* What the task requires
From the records below, set down exactly the lines starting with the line that contains "proof (rule inj_onI)" and going on through the line that contains "b) = combination". Nothing else is wanted.

+++ Records for the exercise +++

(* For every prime power $q$ and all $k,m\in\mathbb{N}$, there exists an $m$-multiplication-friendly collection $(C^{(h)};\mathrm{Enc}^{(h)})_{h\in[m]}$ of $[n,k]_q$ classical codes, where $n=q^{m(k-1)}$.
   Context: $x*y$ is the componentwise product in $\mathbb{F}_q^n$. An encoding function of an $[n,k]_q$ classical (linear) code $C\subseteq\mathbb{F}_q^n$ is an $\mathbb{F}_q$-linear isomorphism $\mathrm{Enc}:\mathbb{F}_{q^k}\to C$ (viewing $\mathbb{F}_{q^k}$ as a $k$-dimensional $\mathbb{F}_q$-space). A collection $(C^{(h)};\mathrm{Enc}^{(h)})_{h\in[m]}$ of $[n,k]_q$ codes is $m$-multiplication-friendly if there is an $\mathbb{F}_q$-linear $\mathrm{Dec}:\mathbb{F}_q^n\to\mathbb{F}_{q^k}$ with $z_1\cdots z_m=\mathrm{Dec}(\mathrm{Enc}^{(1)}(z_1)*\cdots*\mathrm{Enc}^{(m)}(z_m))$ for all $z_1,\dots,z_m\in\mathbb{F}_{q^k}$. *)

theory Defs
  imports Main
begin

text \<open>F_q is modelled by a finite field type 'a (q = CARD('a)), and F_{q^k} by a finite
field type 'b together with an embedding emb of F_q into it, with CARD('b) = q^k.
The F_q-vector space structure on 'b is  c \<cdot> z = emb c * z .
Vectors of F_q^n are functions nat \<Rightarrow> 'a vanishing outside {0..<n}.\<close>

definition field_emb :: "('a::field \<Rightarrow> 'b::field) \<Rightarrow> bool" where
  "field_emb emb \<longleftrightarrow> emb 1 = 1 \<and> (\<forall>a b. emb (a + b) = emb a + emb b)
     \<and> (\<forall>a b. emb (a * b) = emb a * emb b)"

definition Fvec :: "nat \<Rightarrow> (nat \<Rightarrow> 'a::zero) set" where
  "Fvec n = {v. \<forall>i\<ge>n. v i = 0}"

definition cwprod :: "(nat \<Rightarrow> 'a::times) \<Rightarrow> (nat \<Rightarrow> 'a) \<Rightarrow> nat \<Rightarrow> 'a" (infixl "\<star>" 70) where
  "x \<star> y = (\<lambda>i. x i * y i)"

definition enc_linear :: "('a::field \<Rightarrow> 'b::field) \<Rightarrow> ('b \<Rightarrow> nat \<Rightarrow> 'a) \<Rightarrow> bool" where
  "enc_linear emb E \<longleftrightarrow> (\<forall>z w. E (z + w) = (\<lambda>i. E z i + E w i))
     \<and> (\<forall>c z. E (emb c * z) = (\<lambda>i. c * E z i))"

definition dec_linear :: "('a::field \<Rightarrow> 'b::field) \<Rightarrow> nat \<Rightarrow> ((nat \<Rightarrow> 'a) \<Rightarrow> 'b) \<Rightarrow> bool" where
  "dec_linear emb n D \<longleftrightarrow> (\<forall>x\<in>Fvec n. \<forall>y\<in>Fvec n. D (\<lambda>i. x i + y i) = D x + D y)
     \<and> (\<forall>c. \<forall>x\<in>Fvec n. D (\<lambda>i. c * x i) = emb c * D x)"

definition lin_code :: "nat \<Rightarrow> (nat \<Rightarrow> 'a::field) set \<Rightarrow> bool" where
  "lin_code n C \<longleftrightarrow> C \<subseteq> Fvec n \<and> (\<lambda>i. 0) \<in> C \<and> (\<forall>x\<in>C. \<forall>y\<in>C. (\<lambda>i. x i + y i) \<in> C)
     \<and> (\<forall>c. \<forall>x\<in>C. (\<lambda>i. c * x i) \<in> C)"

text \<open>(C, Enc) is an [n,k]_q code with encoding function Enc : F_{q^k} \<rightarrow> C
  (an F_q-linear isomorphism onto C; dimension k is then automatic since dim F_{q^k} = k).\<close>
definition coded :: "('a::field \<Rightarrow> 'b::field) \<Rightarrow> nat \<Rightarrow> (nat \<Rightarrow> 'a) set \<Rightarrow> ('b \<Rightarrow> nat \<Rightarrow> 'a) \<Rightarrow> bool" where
  "coded emb n C E \<longleftrightarrow> lin_code n C \<and> enc_linear emb E \<and> bij_betw E UNIV C"

definition mult_friendly ::
  "('a::field \<Rightarrow> 'b::field) \<Rightarrow> nat \<Rightarrow> nat \<Rightarrow> (nat \<Rightarrow> (nat \<Rightarrow> 'a) set) \<Rightarrow> (nat \<Rightarrow> 'b \<Rightarrow> nat \<Rightarrow> 'a) \<Rightarrow> bool" where
  "mult_friendly emb n m C Enc \<longleftrightarrow>
     (\<exists>Dec. dec_linear emb n Dec \<and>
        (\<forall>z :: nat \<Rightarrow> 'b. (\<Prod>h<m. z h) = Dec (\<lambda>i. \<Prod>h<m. Enc h (z h) i)))"

end

theory Submission
  imports Defs "HOL.Vector_Spaces" "HOL-Library.FuncSet"
begin

text \<open>Choose an F_q-basis b_1, ..., b_r of F_{q^k} (so r <= k) with coordinate functionals c_j.
Expanding every factor in this basis gives
  z_1 ... z_m = sum over t in [r]^m of (prod_h c_{t(h)}(z_h)) * (prod_h b_{t(h)}).
So if the h-th code writes z as the vector (c_{t(h)}(z))_t indexed by the tuples t, the
componentwise product of the codewords is the coefficient vector of this expansion, and the
F_q-linear map y |-> sum_t y_t * prod_h b_{t(h)} decodes the product. The length needed is
r^m <= k^m <= q^(m(k-1)); the remaining positions are padded with zeros.\<close>

lemma field_emb_prod:
  assumes "field_emb emb"
  shows "emb (\<Prod>x\<in>A. f x) = (\<Prod>x\<in>A. emb (f x))"
  using assms by (induction A rule: infinite_finite_induct) (auto simp: field_emb_def)

lemma field_emb_vector_space:
  assumes "field_emb emb"
  shows "vector_space (\<lambda>c z. emb c * z)"
  by unfold_locales (use assms in \<open>auto simp: field_emb_def algebra_simps\<close>)

lemma two_le_card_UNIV_field: "2 \<le> card (UNIV :: 'a::{finite,field} set)"
proof -
  have "card {0::'a, 1} \<le> card (UNIV :: 'a set)" by (rule card_mono) auto
  thus ?thesis by simp
qed

lemma le_power_pred:
  assumes "2 \<le> (q::nat)"
  shows "k \<le> q ^ (k - 1)"
proof (induction k)
  case (Suc k)
  show ?case
  proof (cases k)
    case (Suc k')
    have "Suc k \<le> 2 * q ^ (k - 1)" using Suc.IH Suc by simp
    also have "\<dots> \<le> q * q ^ (k - 1)" using assms by simp
    finally show ?thesis using Suc by simp
  qed simp
qed simp

lemma card_power_le_of_independent:
  fixes emb :: "'a::{finite,field} \<Rightarrow> 'b::{finite,field}"
  assumes emb: "field_emb emb"
    and indep: "\<And>f. (\<Sum>b\<in>B. emb (f b) * b) = 0 \<Longrightarrow> \<forall>b\<in>B. f b = 0"
  shows "card (UNIV :: 'a set) ^ card B \<le> card (UNIV :: 'b set)"
proof -
  define combination where "combination f = (\<Sum>b\<in>B. emb (f b) * b)" for f
  have "inj_on combination (B \<rightarrow>\<^sub>E UNIV)"
  proof (rule inj_onI)
    fix f g assume f: "f \<in> B \<rightarrow>\<^sub>E UNIV" and g: "g \<in> B \<rightarrow>\<^sub>E UNIV"
      and eq: "combination f = combination g"
    have "emb (f b - g b) = emb (f b) - emb (g b)" for b
      using emb unfolding field_emb_def by (metis add_diff_cancel diff_add_cancel)
    hence "(\<Sum>b\<in>B. emb (f b - g b) * b) = combination f - combination g"
      by (simp add: combination_def left_diff_distrib sum_subtractf)
    hence "\<forall>b\<in>B. f b - g b = 0"
      using indep[of "\<lambda>b. f b - g b"] eq by simp
    thus "f = g" by (intro PiE_ext[OF f g]) simp
  qed
  hence "card (B \<rightarrow>\<^sub>E (UNIV :: 'a set)) \<le> card (UNIV :: 'b set)"
    by (rule card_inj_on_le) auto
  thus ?thesis by (simp add: card_PiE)
qed

lemma dec_linear_weighted_sum:
  assumes "field_emb emb"
  shows "dec_linear emb n (\<lambda>y. \<Sum>i<N. emb (y i) * b i)"
  using assms unfolding dec_linear_def field_emb_def
  by (auto simp: distrib_right sum.distrib sum_distrib_left mult.assoc)

lemma coded_rangeI:
  assumes lin: "enc_linear emb E" and "inj E" and "range E \<subseteq> Fvec n"
  shows "coded emb n (range E) E"
proof -
  have add: "E (z + w) = (\<lambda>i. E z i + E w i)" and scale: "E (emb a * z) = (\<lambda>i. a * E z i)"
    for z w a using lin unfolding enc_linear_def by auto
  have "E 0 i = E 0 i + E 0 i" for i
    using fun_cong[OF add[of 0 0], of i] by simp
  hence "E 0 = (\<lambda>i. 0)"
    by (metis add_cancel_right_right)
  hence "lin_code n (range E)"
    unfolding lin_code_def using \<open>range E \<subseteq> Fvec n\<close>
    by (auto simp flip: add scale) (metis rangeI)
  thus ?thesis using lin \<open>inj E\<close> by (simp add: coded_def bij_betw_def)
qed

locale coordinates =
  fixes emb :: "'a::field \<Rightarrow> 'b::field" and r :: nat
    and \<beta> :: "nat \<Rightarrow> 'b" and c :: "nat \<Rightarrow> 'b \<Rightarrow> 'a"
  assumes field_emb: "field_emb emb"
    and coord_add: "c j (z + w) = c j z + c j w"
    and coord_scale: "c j (emb a * z) = a * c j z"
    and coord_expansion: "z = (\<Sum>j<r. emb (c j z) * \<beta> j)"

lemma field_emb_coordinates:
  fixes emb :: "'a::{finite,field} \<Rightarrow> 'b::{finite,field}"
  assumes emb: "field_emb emb" and card_b: "card (UNIV :: 'b set) = card (UNIV :: 'a set) ^ k"
  obtains r \<beta> c where "r \<le> k" "coordinates emb r \<beta> c"
proof -
  interpret V: vector_space "\<lambda>c z. emb c * z" using field_emb_vector_space[OF emb] .
  obtain B where indep: "V.independent B" and span: "V.span B = UNIV"
    using V.basis_exists[of UNIV] by (metis top.extremum_uniqueI)
  have "card (UNIV :: 'a set) ^ card B \<le> card (UNIV :: 'a set) ^ k"
    using card_power_le_of_independent[OF emb, of B] V.independentD[OF indep finite subset_refl] card_b
    by metis
  hence "card B \<le> k"
    using two_le_card_UNIV_field[where 'a='a] by (simp add: power_le_imp_le_exp)
  moreover obtain \<phi> where \<phi>: "bij_betw \<phi> {..<card B} B"
    using ex_bij_betw_nat_finite[of B] by (auto simp: atLeast0LessThan)
  define c where "c j z = V.representation B z (\<phi> j)" for j z
  have "coordinates emb (card B) \<phi> c"
  proof
    show "c j (z + w) = c j z + c j w" "c j (emb a * z) = a * c j z" for j z w a
      unfolding c_def using V.representation_add[OF indep] V.representation_scale[OF indep] span
      by simp_all
    fix z
    have "z = (\<Sum>b\<in>B. emb (V.representation B z b) * b)"
      using V.sum_representation_eq[OF indep _ _ subset_refl, of z] span by simp
    also have "\<dots> = (\<Sum>j<card B. emb (c j z) * \<phi> j)"
      unfolding c_def by (rule sum.reindex_bij_betw[OF \<phi>, symmetric])
    finally show "z = (\<Sum>j<card B. emb (c j z) * \<phi> j)" .
  qed (fact emb)
  ultimately show thesis using that by blast
qed

context coordinates
begin

lemma coord_eqI:
  assumes "\<And>j. j < r \<Longrightarrow> c j z = c j w"
  shows "z = w"
  using coord_expansion[of z] coord_expansion[of w] assms by simp

lemma prod_coord_expansion:
  fixes m :: nat
  shows "(\<Prod>h<m. z h) =
     (\<Sum>t\<in>{..<m} \<rightarrow>\<^sub>E {..<r}. emb (\<Prod>h<m. c (t h) (z h)) * (\<Prod>h<m. \<beta> (t h)))"
proof -
  have "(\<Prod>h<m. z h) = (\<Prod>h<m. \<Sum>j<r. emb (c j (z h)) * \<beta> j)"
    using coord_expansion by simp
  also have "\<dots> = (\<Sum>t\<in>{..<m} \<rightarrow>\<^sub>E {..<r}. \<Prod>h<m. emb (c (t h) (z h)) * \<beta> (t h))"
    by (rule prod_sum_PiE) auto
  finally show ?thesis by (simp add: field_emb_prod[OF field_emb] prod.distrib)
qed

lemma prod_coord_expansion_reindex:
  fixes m :: nat
  assumes "bij_betw \<phi> {..<N} ({..<m} \<rightarrow>\<^sub>E {..<r})"
  shows "(\<Prod>h<m. z h) =
     (\<Sum>i<N. emb (\<Prod>h<m. c (\<phi> i h) (z h)) * (\<Prod>h<m. \<beta> (\<phi> i h)))"
  by (subst prod_coord_expansion) (rule sum.reindex_bij_betw[OF assms, symmetric])

lemma inj_tuple_coords:
  fixes m :: nat
  assumes \<phi>: "bij_betw \<phi> {..<N} ({..<m} \<rightarrow>\<^sub>E {..<r})" and "h < m"
  shows "inj (\<lambda>z i. if i < N then c (\<phi> i h) z else 0)"
proof (rule injI)
  fix z w assume eq: "(\<lambda>i. if i < N then c (\<phi> i h) z else 0) = (\<lambda>i. if i < N then c (\<phi> i h) w else 0)"
  show "z = w"
  proof (rule coord_eqI)
    fix j assume "j < r"
    hence "(\<lambda>_\<in>{..<m}. j) \<in> \<phi> ` {..<N}"
      using bij_betw_imp_surj_on[OF \<phi>] by auto
    then obtain i where "i < N" "\<phi> i = (\<lambda>_\<in>{..<m}. j)" by auto
    thus "c j z = c j w" using fun_cong[OF eq, of i] \<open>h < m\<close> by simp
  qed
qed

theorem mult_friendly_codes:
  assumes "r ^ m \<le> n"
  shows "\<exists>C Enc. (\<forall>h<m. coded emb n (C h) (Enc h)) \<and> mult_friendly emb n m C Enc"
proof -
  let ?T = "{..<m} \<rightarrow>\<^sub>E {..<r}"
  obtain \<phi> where \<phi>: "bij_betw \<phi> {..<r ^ m} ?T"
    using ex_bij_betw_nat_finite[of ?T] by (auto simp: card_PiE finite_PiE atLeast0LessThan)
  define Enc where "Enc h z i = (if i < r ^ m then c (\<phi> i h) z else 0)" for h z i
  have lin: "enc_linear emb (Enc h)" for h
    unfolding enc_linear_def Enc_def by (auto simp: coord_add coord_scale)
  have inj: "inj (Enc h)" if "h < m" for h
    using inj_tuple_coords[OF \<phi> that] by (simp add: Enc_def[abs_def])
  have range: "range (Enc h) \<subseteq> Fvec n" for h
    using assms by (auto simp: Fvec_def Enc_def)
  have "coded emb n (range (Enc h)) (Enc h)" if "h < m" for h
    using coded_rangeI[OF lin inj[OF that] range] .
  moreover have "mult_friendly emb n m (\<lambda>h. range (Enc h)) Enc"
  proof -
    define Dec where "Dec y = (\<Sum>i<r ^ m. emb (y i) * (\<Prod>h<m. \<beta> (\<phi> i h)))" for y
    have "dec_linear emb n Dec"
      unfolding Dec_def by (rule dec_linear_weighted_sum[OF field_emb])
    moreover have "(\<Prod>h<m. z h) = Dec (\<lambda>i. \<Prod>h<m. Enc h (z h) i)" for z
    proof -
      have "Dec (\<lambda>i. \<Prod>h<m. Enc h (z h) i) =
          (\<Sum>i<r ^ m. emb (\<Prod>h<m. c (\<phi> i h) (z h)) * (\<Prod>h<m. \<beta> (\<phi> i h)))"
        unfolding Dec_def Enc_def by (intro sum.cong) (simp_all add: field_emb_prod[OF field_emb])
      also have "\<dots> = (\<Prod>h<m. z h)"
        by (rule prod_coord_expansion_reindex[OF \<phi>, symmetric])
      finally show ?thesis ..
    qed
    ultimately show ?thesis
      unfolding mult_friendly_def by blast
  qed
  ultimately show ?thesis
    by (intro exI[where x = "\<lambda>h. range (Enc h)"] exI[where x = Enc]) blast
qed

end

theorem lemma4p5:
  fixes emb :: "'a::{finite,field} \<Rightarrow> 'b::{finite,field}"
    and k m :: nat
  assumes "field_emb emb"
    and "card (UNIV :: 'b set) = card (UNIV :: 'a set) ^ k"
  shows "\<exists>(C :: nat \<Rightarrow> (nat \<Rightarrow> 'a) set) (Enc :: nat \<Rightarrow> 'b \<Rightarrow> nat \<Rightarrow> 'a).
           (\<forall>h<m. coded emb (card (UNIV :: 'a set) ^ (m * (k - 1))) (C h) (Enc h))
           \<and> mult_friendly emb (card (UNIV :: 'a set) ^ (m * (k - 1))) m C Enc"
proof -
  obtain r \<beta> c where "r \<le> k" and coords: "coordinates emb r \<beta> c"
    using field_emb_coordinates[OF assms] .
  have "r ^ m \<le> k ^ m"
    using \<open>r \<le> k\<close> by (rule power_mono) simp
  also have "\<dots> \<le> (card (UNIV :: 'a set) ^ (k - 1)) ^ m"
    using le_power_pred[OF two_le_card_UNIV_field] by (rule power_mono) simp
  also have "\<dots> = card (UNIV :: 'a set) ^ (m * (k - 1))"
    by (simp flip: power_mult add: mult.commute)
  finally show ?thesis
    by (rule coordinates.mult_friendly_codes[OF coords])
qed

end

+++

* Reply
  proof (rule inj_onI)
    fix f g assume f: "f \<in> B \<rightarrow>\<^sub>E UNIV" and g: "g \<in> B \<rightarrow>\<^sub>E UNIV"
      and eq: "combination f = combination g"
    have "emb (f b - g b) = emb (f b) - emb (g b)" for b
      using emb unfolding field_emb_def by (metis add_diff_cancel diff_add_cancel)
    hence "(\<Sum>b\<in>B. emb (f b - g b) * b) = combination f - combination g"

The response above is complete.